Jared Bernethy
Walter J. Levy, “World Oil Cooperation or International Chaos,” Foreign Affairs, July 1974.
Main
Point
The
basic argument of this article is that a cooperative effort between
oil-producing and oil-importing countries must come about in order for the oil
crisis of the 1970’s to come to an end.
This cooperative effort along with a certain level of austerity is
essential to correct and end the oil and corresponding financial crisis.
Summary
Levy
begins the article by explaining the seriousness of the oil crisis and the
changes in the supply and price conditions in the early 1970’s. Beginning in 1970, oil-producing
countries began steadily gaining complete control over the oil industry in their
countries. Therefore, the
governments of these countries could control the supply and price they charge
for oil. Due to this shift of
power, oil costs of importing countries and oil income of producing countries
was inflated dramatically. Also,
the oil reserves of producing countries increased as well. As a result of the change in power, the
“position of the international oil companies has changed completely.” Up until 1969 the oil companies had
bargaining leverage and could still determine levels of production, exports, and
prices, but as of 1974 all their power was gone. Thus, the companies no longer possessed
any real leverage. Essentially the
only hope that these companies had was “to hold on to whatever tenuous residual
rights or preferences the producing countries might still be willing to
extend. The companies have no
choice but to acquiesce in virtually any kind of conditions imposed or
exacted.”
Next,
Levy goes into the financial crisis that importing countries were faced with,
due to this extreme increase in oil cost.

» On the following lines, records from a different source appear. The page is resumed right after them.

lemma Bmat_spectral_bounds:
  assumes \<sigma>: "\<sigma> > 0"
  shows "lambda_max (Bmat T N \<sigma>) \<le> eig_sum (Bmat T N \<sigma>)"
    and "Bent N \<sigma> T T * Bent N \<sigma> T T \<le> lambda_max (Bmat T N \<sigma>) * eig_sum (Bmat T N \<sigma>)"
  using psd_spectral_bounds[OF Bmat_carrier lessI Bmat_symmetric Bmat_psd[OF \<sigma>]]
  by (simp_all add: Bmat_index)

theorem mainTheorem10:
  fixes N :: nat and \<sigma> :: real
  assumes "N \<ge> 1" and "\<sigma> > 0"
  shows "((\<lambda>T. lambda_max (Bmat T N \<sigma>) / eig_sum (Bmat T N \<sigma>)) \<longlongrightarrow> 1) at_top
       \<and> ((\<lambda>T. lambda_max (Bmat T N \<sigma>) / Bent N \<sigma> T T) \<longlongrightarrow> 1) at_top"
proof -
  define u where "u k = Bent N \<sigma> k k" for k
  define L where "L T = lambda_max (Bmat T N \<sigma>)" for T
  have pos: "0 < u k" for k
    unfolding u_def using assms by (simp add: Bent_diag_pos)
  have log_convex: "u (Suc k) ^ 2 \<le> u k * u (Suc (Suc k))" for k
    unfolding u_def by (rule Bent_diag_log_convex[OF assms(2,1)])
  have growth: "\<exists>c>0. \<forall>k. c * C ^ k \<le> u k" if "0 < C" for C
    unfolding u_def by (rule Bent_diag_exp_growth[OF assms(2,1) that])
  have tail: "(\<lambda>T. (\<Sum>l<T. u l) / u T) \<longlonglongrightarrow> 0"
    by (rule partial_sum_over_last_tendsto_0[OF pos log_convex_ratio_tendsto_top[OF pos log_convex growth]])
  have trace: "eig_sum (Bmat T N \<sigma>) = (\<Sum>l\<le>T. u l)" for T
    unfolding u_def by (rule eig_sum_Bmat)
  have "L T \<le> (\<Sum>l\<le>T. u l)" "u T * u T \<le> L T * (\<Sum>l\<le>T. u l)" for T
    using Bmat_spectral_bounds[OF assms(2), where T=T and N=N] unfolding L_def trace u_def by simp_all
  note ratios = dominant_term_ratios_tendsto_1[OF pos tail this]
  show ?thesis
    using ratios unfolding L_def trace u_def by simp
qed
end
locale css_bp_decoders =
  fixes m n :: nat
    and HX HZ :: "nat \<Rightarrow> nat \<Rightarrow> bit"
    and sX sZ :: "nat \<Rightarrow> bit"
    and Q :: "nat \<Rightarrow> bit \<Rightarrow> bit \<Rightarrow> real"
    and nuh muh nu mu :: "nat \<Rightarrow> nat \<Rightarrow> nat \<Rightarrow> bit \<Rightarrow> real"
    and b2 :: "nat \<Rightarrow> nat \<Rightarrow> bit \<Rightarrow> bit \<Rightarrow> real"
    and mXh mZh mX mZ :: "nat \<Rightarrow> nat \<Rightarrow> nat \<Rightarrow> f4 \<Rightarrow> real"
    and b4 :: "nat \<Rightarrow> nat \<Rightarrow> f4 \<Rightarrow> real"
  assumes nu_upd: "\<forall>l. \<forall>j<n. \<forall>i\<in>col_supp m HX j.
        nu l j i \<propto> (\<lambda>z. \<Sum>x\<in>UNIV. Q j x z
            * (\<Prod>k\<in>col_supp m HX j - {i}. nuh l k j z)
            * (\<Prod>k\<in>col_supp m HZ j. muh l k j x))"
    and mu_upd: "\<forall>l. \<forall>j<n. \<forall>i\<in>col_supp m HZ j.
        mu l j i \<propto> (\<lambda>x. \<Sum>z\<in>UNIV. Q j x z
            * (\<Prod>k\<in>col_supp m HX j. nuh l k j z)
            * (\<Prod>k\<in>col_supp m HZ j - {i}. muh l k j x))"
    and nuh_upd: "\<forall>l. \<forall>i<m. \<forall>j\<in>row_supp n HX i.
        nuh (Suc l) i j \<propto> (\<lambda>z. \<Sum>zb\<in>PiE (row_supp n HX i - {j}) (\<lambda>_. UNIV :: bit set).
            if z + (\<Sum>b\<in>row_supp n HX i - {j}. zb b) = sZ i
            then (\<Prod>b\<in>row_supp n HX i - {j}. nu l b i (zb b)) else 0)"
    and muh_upd: "\<forall>l. \<forall>i<m. \<forall>j\<in>row_supp n HZ i.
        muh (Suc l) i j \<propto> (\<lambda>x. \<Sum>xb\<in>PiE (row_supp n HZ i - {j}) (\<lambda>_. UNIV :: bit set).
            if x + (\<Sum>b\<in>row_supp n HZ i - {j}. xb b) = sX i
            then (\<Prod>b\<in>row_supp n HZ i - {j}. mu l b i (xb b)) else 0)"
    and b2_normalized: "\<forall>l. \<forall>j<n.
        (\<lambda>(x, z). b2 l j x z) \<propto> (\<lambda>(x, z). Q j x z
            * (\<Prod>i\<in>col_supp m HX j. nuh l i j z)
            * (\<Prod>i\<in>col_supp m HZ j. muh l i j x))
        \<and> (\<Sum>x\<in>UNIV. \<Sum>z\<in>UNIV. b2 l j x z) = 1"
    and mX_upd: "\<forall>l. \<forall>j<n. \<forall>i\<in>col_supp m HX j.
        mX l j i \<propto> (\<lambda>a. Qphi Q j a
            * (\<Prod>k\<in>col_supp m HX j - {i}. mXh l k j a)
            * (\<Prod>k\<in>col_supp m HZ j. mZh l k j a))"
    and mZ_upd: "\<forall>l. \<forall>j<n. \<forall>i\<in>col_supp m HZ j.
        mZ l j i \<propto> (\<lambda>a. Qphi Q j a
            * (\<Prod>k\<in>col_supp m HX j. mXh l k j a)
            * (\<Prod>k\<in>col_supp m HZ j - {i}. mZh l k j a))"
    and mXh_upd: "\<forall>l. \<forall>i<m. \<forall>j\<in>row_supp n HX i.
        mXh (Suc l) i j \<propto> (\<lambda>a. \<Sum>ab\<in>PiE (row_supp n HX i - {j}) (\<lambda>_. UNIV :: f4 set).
            if zof a + (\<Sum>b\<in>row_supp n HX i - {j}. zof (ab b)) = sZ i
            then (\<Prod>b\<in>row_supp n HX i - {j}. mX l b i (ab b)) else 0)"
    and mZh_upd: "\<forall>l. \<forall>i<m. \<forall>j\<in>row_supp n HZ i.
        mZh (Suc l) i j \<propto> (\<lambda>a. \<Sum>ab\<in>PiE (row_supp n HZ i - {j}) (\<lambda>_. UNIV :: f4 set).
            if xof a + (\<Sum>b\<in>row_supp n HZ i - {j}. xof (ab b)) = sX i
            then (\<Prod>b\<in>row_supp n HZ i - {j}. mZ l b i (ab b)) else 0)"
    and b4_normalized: "\<forall>l. \<forall>j<n.
        b4 l j \<propto> (\<lambda>a. Qphi Q j a
            * (\<Prod>i\<in>col_supp m HX j. mXh l i j a)
            * (\<Prod>i\<in>col_supp m HZ j. mZh l i j a))
        \<and> (\<Sum>a\<in>UNIV. b4 l j a) = 1"
    and init_X: "\<forall>j<n. \<forall>i\<in>col_supp m HX j.
        (\<lambda>(x, z). mXh 0 i j (phi x z)) \<propto> (\<lambda>(x, z). nuh 0 i j z)"
    and init_Z: "\<forall>j<n. \<forall>i\<in>col_supp m HZ j.
        (\<lambda>(x, z). mZh 0 i j (phi x z)) \<propto> (\<lambda>(x, z). muh 0 i j x)"
begin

In late 1973, almost every importing nation was faced with major
balance-of-trade problems. As a
result, the majorities of these countries were in a financial bind and had no
way paying for the amount of oil imports necessary. The IMF and World Bank stepped in to
help relieve the oil-importing countries with this crisis, but with oil prices
staying high more changes were needed.
If oil prices were to stay high then oil-importing countries could face
“pyramiding interest or individual charges on top of mounting direct oil import
costs.” In reality the only way
these countries could possibly reduce the trade deficit would be to impose
austerity upon the people, resulting in lower consumption and lower standards of
living. Levy also believes that a
“cooperative effort” must take place between the oil-importing countries and the
oil-exporting countries. He says
that importing countries need to do three things in order to help turn around
the oil and resulting financial crisis.
First, importing countries “must establish and coordinate research and
development programs with regard to existing and new energy sources.” Next, they “must also establish a
concurrent and consistent program of energy conservation.” And finally, countries shouldn’t “have
on hand less than a supply equal to six months of its imports,” just in case oil
supplies were cut off. This
“cooperation” between oil-importing countries is essential in order to get
and/or develop cooperation with the producing countries.
As for
the oil producing countries, they try to justify the huge price increases that
were imposed. They say “the large
increase in oil prices are warranted by the alternative cost that would have to
be incurred if oil had to be replaced by other energy sources.” They also cite that “high oil prices
will result in oil conservation and encourage the use of oil for only the most
essential and valuable purposes.”
In reality it is known that oil-producing countries try to get as much
income as possible from their oil exports now, because they know that their oil
reserves will in time go away. On
the other hand, the producing countries couldn’t continue to take the position
that the economic situation of the major importing countries was no concern of
theirs, because taking this position could result in the destruction of the
developing oil-importing countries.
There is thus no alternative for oil-importing countries but to try to
convince the oil-producing countries that there must be some similar interest
between the two sides.
In
conclusion Levy argues that a combination of many things are needed to help
correct and prevent the oil crisis.
He says that a certain level of austerity is needed, “just adequate to
permit the major industrialized nations to maintain viable economic and
industrial operations, including continued growth but at a lower rate than might
have been projected.” Along with
the implementation of austerity a “far-reaching cooperation among the
oil-importing nations” is needed.
Also, “an understanding by the importing nations of the interests and
aspirations of the producing countries, and a recognition by the producing
countries that even in an austerity situation any attempt to hold prices high
must result in worldwide dangers to which they could not be immune.” To Levy, these four situations are
essential in order for this energy crisis to be corrected and remain stable.